Question

If m is the minimum value of K for which the function $f\left( x \right) = x\sqrt {kx - {x^2}}$ is increasing in the interval $\left[ {0,3} \right]$ and M is the maximum value of f in $\left[ {0,3} \right]$ when k=m, then the ordered pair (m, M) is equal to?
$(a){\text{ }}\left( {4,3\sqrt 2 } \right) \\\ (b){\text{ }}\left( {4,3\sqrt 3 } \right) \\\ (c){\text{ }}\left( {3,3\sqrt 3 } \right) \\\ (d){\text{ }}\left( {5,3\sqrt 6 } \right) \\\$

Answer 1

Hint: In this question to find out the minimum value of K, differentiate the given $f\left( x \right)$with respect to x.

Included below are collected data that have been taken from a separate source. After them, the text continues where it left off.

(* Let $\mathcal{S}$ be a state space and let $\mathsf{M}^{(1)},\mathsf{M}^{(2)}$ be dichotomic measurements on $\mathcal{S}$. If $\bar P(\mathsf{M}^{(1)},\mathsf{M}^{(2)})<1$, then $\mathsf{M}^{(1)}$ and $\mathsf{M}^{(2)}$ are not maximally incompatible.
   Context: General probabilistic theory setting: a state space $\mathcal{S}$ is a compact convex subset of a finite-dimensional real vector space, embedded as a base of a closed generating proper cone in a vector space $V$, with unit effect $u$. Effects are linear functionals $e$ on $V$ with $0\le e\le1$ on $\mathcal{S}$; $\|f\|=\max_{s\in\mathcal{S}}|f(s)|$. A measurement with finite outcome set $\Omega$ is a map $x\mapsto\mathsf{M}_x$ to effects with $\sum_x\mathsf{M}_x=u$; a dichotomic measurement has outcome set $\{+,-\}$. For dichotomic $\mathsf{M}^{(1)},\mathsf{M}^{(2)}$, $\bar P(\mathsf{M}^{(1)},\mathsf{M}^{(2)})=\frac18\sum_{x,y\in\{+,-\}}\|\mathsf{M}^{(1)}_x+\mathsf{M}^{(2)}_y\|$. A measurement $\mathsf{T}$ is trivial if $\mathsf{T}_x=p_xu$ for a probability distribution $(p_x)$. Two measurements with outcome sets $\Omega_1,\Omega_2$ are compatible if there is a measurement $\mathsf{J}$ on $\Omega_1\times\Omega_2$ whose marginals are the two measurements. The degree of incompatibility $d(\mathsf{M}^{(1)},\mathsf{M}^{(2)})$ is the maximal $\lambda\in[0,1]$ such that $\lambda\mathsf{M}^{(1)}+(1-\lambda)\mathsf{T}^{(1)}$ and $\lambda\mathsf{M}^{(2)}+(1-\lambda)\mathsf{T}^{(2)}$ are compatible for some trivial measurements $\mathsf{T}^{(1)},\mathsf{T}^{(2)}$; it always satisfies $d\ge\frac12$, and the measurements are maximally incompatible if $d(\mathsf{M}^{(1)},\mathsf{M}^{(2)})=\frac12$. *)

theory Defs
  imports "HOL-Analysis.Analysis"
begin

text \<open>A state space S is a compact convex set which is a base of the
  closed, generating, proper cone K = cone hull S, with unit effect u (linear, u = 1 on S,
  u > 0 on K minus 0, and S = K intersected with the hyperplane u = 1).\<close>

definition state_space :: "'v::euclidean_space set \<Rightarrow> ('v \<Rightarrow> real) \<Rightarrow> bool" where
  "state_space S u \<longleftrightarrow>
     S \<noteq> {} \<and> compact S \<and> convex S \<and> linear u \<and>
     closed (cone hull S) \<and>
     (cone hull S) \<inter> uminus ` (cone hull S) = {0} \<and>
     {x - y | x y. x \<in> cone hull S \<and> y \<in> cone hull S} = UNIV \<and>
     (\<forall>x \<in> cone hull S. x \<noteq> 0 \<longrightarrow> u x > 0) \<and>
     S = {x \<in> cone hull S. u x = 1}"

definition effect :: "'v::euclidean_space set \<Rightarrow> ('v \<Rightarrow> real) \<Rightarrow> bool" where
  "effect S e \<longleftrightarrow> linear e \<and> (\<forall>s\<in>S. 0 \<le> e s \<and> e s \<le> 1)"

definition fnorm :: "'v::euclidean_space set \<Rightarrow> ('v \<Rightarrow> real) \<Rightarrow> real" where
  "fnorm S f = (SUP s\<in>S. \<bar>f s\<bar>)"

definition measurement ::
  "'v::euclidean_space set \<Rightarrow> ('v \<Rightarrow> real) \<Rightarrow> 'x set \<Rightarrow> ('x \<Rightarrow> 'v \<Rightarrow> real) \<Rightarrow> bool" where
  "measurement S u \<Omega> M \<longleftrightarrow> finite \<Omega> \<and> (\<forall>x\<in>\<Omega>. effect S (M x)) \<and>
     (\<lambda>v. \<Sum>x\<in>\<Omega>. M x v) = u"

text \<open>Dichotomic measurements: outcome set bool (True = +, False = -).\<close>
definition Pbar :: "'v::euclidean_space set \<Rightarrow> (bool \<Rightarrow> 'v \<Rightarrow> real) \<Rightarrow> (bool \<Rightarrow> 'v \<Rightarrow> real) \<Rightarrow> real" where
  "Pbar S M1 M2 = (1/8) * (\<Sum>x\<in>(UNIV::bool set). \<Sum>y\<in>(UNIV::bool set).
       fnorm S (\<lambda>v. M1 x v + M2 y v))"

definition trivial_meas ::
  "('v \<Rightarrow> real) \<Rightarrow> 'x set \<Rightarrow> ('x \<Rightarrow> 'v \<Rightarrow> real) \<Rightarrow> bool" where
  "trivial_meas u \<Omega> T \<longleftrightarrow> (\<exists>p. (\<forall>x\<in>\<Omega>. 0 \<le> p x) \<and> sum p \<Omega> = 1 \<and>
     (\<forall>x\<in>\<Omega>. T x = (\<lambda>v. p x * u v)))"

definition compatible ::
  "'v::euclidean_space set \<Rightarrow> ('v \<Rightarrow> real) \<Rightarrow> 'x set \<Rightarrow> ('x \<Rightarrow> 'v \<Rightarrow> real)
     \<Rightarrow> 'y set \<Rightarrow> ('y \<Rightarrow> 'v \<Rightarrow> real) \<Rightarrow> bool" where
  "compatible S u \<Omega>1 M1 \<Omega>2 M2 \<longleftrightarrow>
     (\<exists>J. measurement S u (\<Omega>1 \<times> \<Omega>2) J \<and>
        (\<forall>x\<in>\<Omega>1. M1 x = (\<lambda>v. \<Sum>y\<in>\<Omega>2. J (x, y) v)) \<and>
        (\<forall>y\<in>\<Omega>2. M2 y = (\<lambda>v. \<Sum>x\<in>\<Omega>1. J (x, y) v)))"

definition mix :: "real \<Rightarrow> ('x \<Rightarrow> 'v \<Rightarrow> real) \<Rightarrow> ('x \<Rightarrow> 'v \<Rightarrow> real) \<Rightarrow> 'x \<Rightarrow> 'v \<Rightarrow> real" where
  "mix l M T = (\<lambda>x v. l * M x v + (1 - l) * T x v)"

definition degree ::
  "'v::euclidean_space set \<Rightarrow> ('v \<Rightarrow> real) \<Rightarrow> 'x set \<Rightarrow> ('x \<Rightarrow> 'v \<Rightarrow> real)
     \<Rightarrow> 'y set \<Rightarrow> ('y \<Rightarrow> 'v \<Rightarrow> real) \<Rightarrow> real" where
  "degree S u \<Omega>1 M1 \<Omega>2 M2 = Sup {l \<in> {0..1}. \<exists>T1 T2. trivial_meas u \<Omega>1 T1 \<and> trivial_meas u \<Omega>2 T2 \<and>
       compatible S u \<Omega>1 (mix l M1 T1) \<Omega>2 (mix l M2 T2)}"

definition max_incompatible ::
  "'v::euclidean_space set \<Rightarrow> ('v \<Rightarrow> real) \<Rightarrow> (bool \<Rightarrow> 'v \<Rightarrow> real) \<Rightarrow> (bool \<Rightarrow> 'v \<Rightarrow> real) \<Rightarrow> bool" where
  "max_incompatible S u M1 M2 \<longleftrightarrow> degree S u UNIV M1 UNIV M2 = 1/2"

end

(* Since Pbar is the average of the four numbers ||M1_x + M2_y|| / 2, Pbar < 1 forces
   ||M1_x + M2_y|| < 2 for some outcomes x, y. As M1_x = u - M1_(not x) on S, this means
   M1_(not x) + M2_(not y) >= g on S for some g in (0, 1]. With this slack one can write down
   a joint measurement for the mixtures of M1 and M2 with weight l = 1 / (2 - g) > 1/2 and the
   deterministic measurements at not x and not y, so the degree of incompatibility exceeds 1/2. *)

theory Submission
  imports Defs
begin

lemma state_space_unit_effect:
  assumes "state_space S u"
  shows "linear u" and "s \<in> S \<Longrightarrow> u s = 1"
  using assms unfolding state_space_def by auto

lemma measurement_boolD:
  assumes "measurement S u UNIV M"
  shows "effect S (M x)" and "M True v + M False v = u v"
  using assms unfolding measurement_def UNIV_bool by (cases x; auto simp: fun_eq_iff add.commute)+

lemma measurementI_nonneg:
  assumes "finite \<Omega>" and "\<And>s. s \<in> S \<Longrightarrow> u s = 1"
    and "\<And>x. x \<in> \<Omega> \<Longrightarrow> linear (M x)"
    and "\<And>x s. x \<in> \<Omega> \<Longrightarrow> s \<in> S \<Longrightarrow> 0 \<le> M x s"
    and "\<And>v. (\<Sum>x\<in>\<Omega>. M x v) = u v"
  shows "measurement S u \<Omega> M"
proof -
  have "M x s \<le> 1" if "x \<in> \<Omega>" "s \<in> S" for x s
  proof -
    have "M x s \<le> (\<Sum>y\<in>\<Omega>. M y s)"
      using assms(1,4) that by (intro member_le_sum) auto
    also have "\<dots> = 1"
      using assms(2,5) that(2) by simp
    finally show ?thesis .
  qed
  then show ?thesis
    using assms unfolding measurement_def effect_def by auto
qed

lemma abs_le_fnorm:
  assumes "\<forall>t\<in>S. \<bar>f t\<bar> \<le> B" and "s \<in> S"
  shows "\<bar>f s\<bar> \<le> fnorm S f"
  unfolding fnorm_def using assms by (intro cSUP_upper bdd_aboveI2) auto

definition deterministic_meas :: "('v \<Rightarrow> real) \<Rightarrow> 'x \<Rightarrow> 'x \<Rightarrow> 'v \<Rightarrow> real" where
  "deterministic_meas u a = (\<lambda>x v. if x = a then u v else 0)"

lemma trivial_meas_deterministic:
  assumes "finite \<Omega>" and "a \<in> \<Omega>"
  shows "trivial_meas u \<Omega> (deterministic_meas u a)"
  unfolding trivial_meas_def deterministic_meas_def
  using assms by (intro exI[of _ "\<lambda>x. if x = a then 1 else 0"]) auto

lemma le_degree:
  assumes "l \<in> {0..1}" and "trivial_meas u \<Omega>1 T1" and "trivial_meas u \<Omega>2 T2"
    and "compatible S u \<Omega>1 (mix l M1 T1) \<Omega>2 (mix l M2 T2)"
  shows "l \<le> degree S u \<Omega>1 M1 \<Omega>2 M2"
  unfolding degree_def using assms by (intro cSup_upper bdd_aboveI[of _ 1]) auto

lemma compatible_mix_deterministic:
  fixes M1 M2 :: "bool \<Rightarrow> 'v::euclidean_space \<Rightarrow> real"
  assumes u: "linear u" "\<And>s. s \<in> S \<Longrightarrow> u s = 1"
    and M1: "measurement S u UNIV M1" and M2: "measurement S u UNIV M2"
    and "0 \<le> l" and corner: "\<And>s. s \<in> S \<Longrightarrow> 2 * l - 1 \<le> l * (M1 a s + M2 b s)"
  shows "compatible S u UNIV (mix l M1 (deterministic_meas u a))
           UNIV (mix l M2 (deterministic_meas u b))"
proof -
  note M1 = measurement_boolD[OF M1]
  note M2 = measurement_boolD[OF M2]
  \<comment> \<open>l times the sum of the joints of (M1, deterministic b) and (deterministic a, M2),
    corrected at (a, b) so that each deterministic part gets weight 1 - l; only J (a, b) can be
    negative, and corner says it is not.\<close>
  define J where "J = (\<lambda>(x, y) v.
      l * ((if y = b then M1 x v else 0) + (if x = a then M2 y v else 0))
      - (if x = a \<and> y = b then 2 * l - 1 else 0) * u v)"
  have marginal1: "(\<Sum>y\<in>UNIV. J (x, y) v) = mix l M1 (deterministic_meas u a) x v" for x v
    using M2(2)[of v, symmetric]
    unfolding J_def mix_def deterministic_meas_def UNIV_bool
    by (cases b) (auto simp: algebra_simps)
  have marginal2: "(\<Sum>x\<in>UNIV. J (x, y) v) = mix l M2 (deterministic_meas u b) y v" for y v
    using M1(2)[of v, symmetric]
    unfolding J_def mix_def deterministic_meas_def UNIV_bool
    by (cases a) (auto simp: algebra_simps)
  have total: "(\<Sum>p\<in>UNIV. J p v) = u v" for v
  proof -
    have "(\<Sum>p\<in>UNIV. J p v) = (\<Sum>x\<in>UNIV. \<Sum>y\<in>UNIV. J (x, y) v)"
      by (simp add: sum.cartesian_product)
    also have "\<dots> = (\<Sum>x\<in>UNIV. mix l M1 (deterministic_meas u a) x v)"
      by (simp add: marginal1)
    also have "\<dots> = u v"
      using M1(2)[of v, symmetric] unfolding mix_def deterministic_meas_def UNIV_bool
      by (cases a) (auto simp: algebra_simps)
    finally show ?thesis .
  qed
  have "linear (J p)" for p
    using M1(1) M2(1) u(1) unfolding effect_def linear_iff J_def
    by (cases p) (auto simp: algebra_simps)
  moreover have "0 \<le> J p s" if "s \<in> S" for p s
    using M1(1) M2(1) corner[OF that] u(2)[OF that] \<open>0 \<le> l\<close> that
    unfolding effect_def J_def by (cases p) auto
  ultimately have "measurement S u UNIV J"
    using u(2) total by (intro measurementI_nonneg) auto
  then show ?thesis
    unfolding compatible_def using marginal1 marginal2 by (auto simp: fun_eq_iff)
qed

lemma complementary_effects_lower_bound:
  fixes M1 M2 :: "bool \<Rightarrow> 'v::euclidean_space \<Rightarrow> real"
  assumes u: "\<And>s. s \<in> S \<Longrightarrow> u s = 1"
    and M1: "measurement S u UNIV M1" and M2: "measurement S u UNIV M2"
    and "s \<in> S"
  shows "2 - fnorm S (\<lambda>v. M1 x v + M2 y v) \<le> M1 (\<not> x) s + M2 (\<not> y) s"
proof -
  note M1 = measurement_boolD[OF M1]
  note M2 = measurement_boolD[OF M2]
  have "\<forall>t\<in>S. \<bar>M1 x t + M2 y t\<bar> \<le> 2"
    using M1(1)[of x] M2(1)[of y] unfolding effect_def by fastforce
  then have "\<bar>M1 x s + M2 y s\<bar> \<le> fnorm S (\<lambda>v. M1 x v + M2 y v)"
    using \<open>s \<in> S\<close> by (rule abs_le_fnorm)
  moreover have "M1 (\<not> x) s + M1 x s = 1" and "M2 (\<not> y) s + M2 y s = 1"
    using M1(2)[of s] M2(2)[of s] u[OF \<open>s \<in> S\<close>] by (cases x; cases y; simp)+
  ultimately show ?thesis
    by linarith
qed

lemma Pbar_less_one_obtains_fnorm_less_two:
  assumes "Pbar S M1 M2 < 1"
  obtains x y where "fnorm S (\<lambda>v. M1 x v + M2 y v) < 2"
proof (rule ccontr)
  assume "\<not> thesis"
  then have ge_two: "2 \<le> fnorm S (\<lambda>v. M1 x v + M2 y v)" for x y
    using that not_le by metis
  have "1 \<le> Pbar S M1 M2"
    using ge_two[of True True] ge_two[of True False] ge_two[of False True] ge_two[of False False]
    unfolding Pbar_def UNIV_bool by simp
  with assms show False
    by simp
qed

lemma degree_gt_half_if_fnorm_less_two:
  fixes M1 M2 :: "bool \<Rightarrow> 'v::euclidean_space \<Rightarrow> real"
  assumes "state_space S u"
    and M1: "measurement S u UNIV M1" and M2: "measurement S u UNIV M2"
    and "fnorm S (\<lambda>v. M1 x v + M2 y v) < 2"
  shows "1/2 < degree S u UNIV M1 UNIV M2"
proof -
  note u = state_space_unit_effect[OF \<open>state_space S u\<close>]
  define g where "g = min 1 (2 - fnorm S (\<lambda>v. M1 x v + M2 y v))"
  define l where "l = 1 / (2 - g)"
  have "0 < g" "g \<le> 1"
    using assms(4) unfolding g_def by auto
  then have l: "1/2 < l" "l \<le> 1" "2 * l - 1 = l * g"
    unfolding l_def by (auto simp: field_simps)
  have "2 * l - 1 \<le> l * (M1 (\<not> x) s + M2 (\<not> y) s)" if "s \<in> S" for s
  proof -
    have "2 - fnorm S (\<lambda>v. M1 x v + M2 y v) \<le> M1 (\<not> x) s + M2 (\<not> y) s"
      by (rule complementary_effects_lower_bound[OF _ M1 M2 that]) (rule u(2))
    then have "g \<le> M1 (\<not> x) s + M2 (\<not> y) s"
      unfolding g_def by linarith
    then show ?thesis
      unfolding l(3) using l(1) by (intro mult_left_mono) auto
  qed
  then have "compatible S u UNIV (mix l M1 (deterministic_meas u (\<not> x)))
               UNIV (mix l M2 (deterministic_meas u (\<not> y)))"
    using l(1) by (intro compatible_mix_deterministic[OF u M1 M2]) auto
  then have "l \<le> degree S u UNIV M1 UNIV M2"
    using l(1,2) by (auto intro!: le_degree trivial_meas_deterministic)
  with l(1) show ?thesis
    by linarith
qed

theorem corollary2:
  fixes S :: "'v::euclidean_space set" and u :: "'v \<Rightarrow> real"
    and M1 M2 :: "bool \<Rightarrow> 'v \<Rightarrow> real"
  assumes "state_space S u"
    and "measurement S u UNIV M1"
    and "measurement S u UNIV M2"
    and "Pbar S M1 M2 < 1"
  shows "\<not> max_incompatible S u M1 M2"
proof -
  obtain x y where "fnorm S (\<lambda>v. M1 x v + M2 y v) < 2"
    using Pbar_less_one_obtains_fnorm_less_two[OF assms(4)] .
  then have "1/2 < degree S u UNIV M1 UNIV M2"
    using assms(1-3) by (intro degree_gt_half_if_fnorm_less_two)
  then show ?thesis
    unfolding max_incompatible_def by simp
qed

end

Then use the concept of the function to be increasing in interval; its first derivative should be greater than 0.

Complete step-by-step answer:
Given function
$f\left( x \right) = x\sqrt {kx - {x^2}}$
To find out the minimum value of k we have to differentiate the function w.r.t. x so we have,
$\dfrac{d}{{dx}}f\left( x \right) = \dfrac{d}{{dx}}x\sqrt {kx - {x^2}}$
Now differentiate it according to product rule of differentiation we have,
$\dfrac{d}{{dx}}f\left( x \right) = \sqrt {kx - {x^2}} \dfrac{d}{{dx}}x + x\dfrac{d}{{dx}}\sqrt {kx - {x^2}}$

Now differentiate it we have,
$\dfrac{d}{{dx}}f\left( x \right) = \sqrt {kx - {x^2}} \left( 1 \right) + x\dfrac{1}{{2\sqrt {kx - {x^2}} }}\left( {\dfrac{d}{{dx}}\left( {kx - {x^2}} \right)} \right)$
$\dfrac{d}{{dx}}f\left( x \right) = \sqrt {kx - {x^2}} \left( 1 \right) + x\dfrac{1}{{2\sqrt {kx - {x^2}} }}\left( {k - 2x} \right)$
Now simplify the above equation we have,
$\dfrac{d}{{dx}}f\left( x \right) = \dfrac{{2\left( {kx - {x^2}} \right) + kx - 2{x^2}}}{{2\sqrt {kx - {x^2}} }} = \dfrac{{3kx - 4{x^2}}}{{2\sqrt {kx - {x^2}} }}$

Now as we know that for increasing function $\dfrac{d}{{dx}}f\left( x \right) \geqslant 0$
Therefore we have,
$\Rightarrow \dfrac{{3kx - 4{x^2}}}{{2\sqrt {kx - {x^2}} }} \geqslant 0$ ........................ (1)
Therefore,
$3kx - 4{x^2} \geqslant 0$
$\Rightarrow 3x\left( {k - \dfrac{4}{3}x} \right) \geqslant 0$
$\Rightarrow k - \dfrac{4}{3}x \geqslant 0$
$\Rightarrow k \geqslant \dfrac{4}{3}x$....................... (2)

Now again from equation (1) for condition to be satisfied the value of
$kx - {x^2} \geqslant 0$
$\Rightarrow {x^2} - kx \leqslant 0$
$\Rightarrow x\left( {x - k} \right) \leqslant 0$
Now it is given that $x \in \left[ {0,3} \right]$
$\Rightarrow x - k \leqslant 0$
Therefore for the minimum value of the function the value of x should be greater than 3.
Therefore $x \geqslant 3$
So the minimum value of x = 3, because $x \in \left[ {0,3} \right]$

Now from equation (2) we have,
$\Rightarrow k \geqslant \dfrac{4}{3} \times 3$
$\Rightarrow k \geqslant 4$
So the minimum value (m) of k is 4.
$\Rightarrow \left( {3 - 4} \right) \leqslant 0$ so it satisfies the condition.
So m = 4.

Now it is given that M is the maximum value of f in the interval [0, 3] when k = m
$\Rightarrow M = 3\sqrt {4 \times 3 - {3^2}} = 3\sqrt 3$
So the value of ordered pair (m, M) = (4, $3\sqrt 3$)
So this is the required answer.
Hence option (B) is correct.

Note: A function is said to be strictly increasing on an interval, if ${x_1} < {x_2}$ implies $f({x_1}) < f({x_2})$. We need not to be confused between strictly increasing and increasing as both are not the same. It can be seen that for an increasing function that the graph rises but can be flat at some places too, however in strictly increasing cases the graph keeps on rising and there are no flat curves.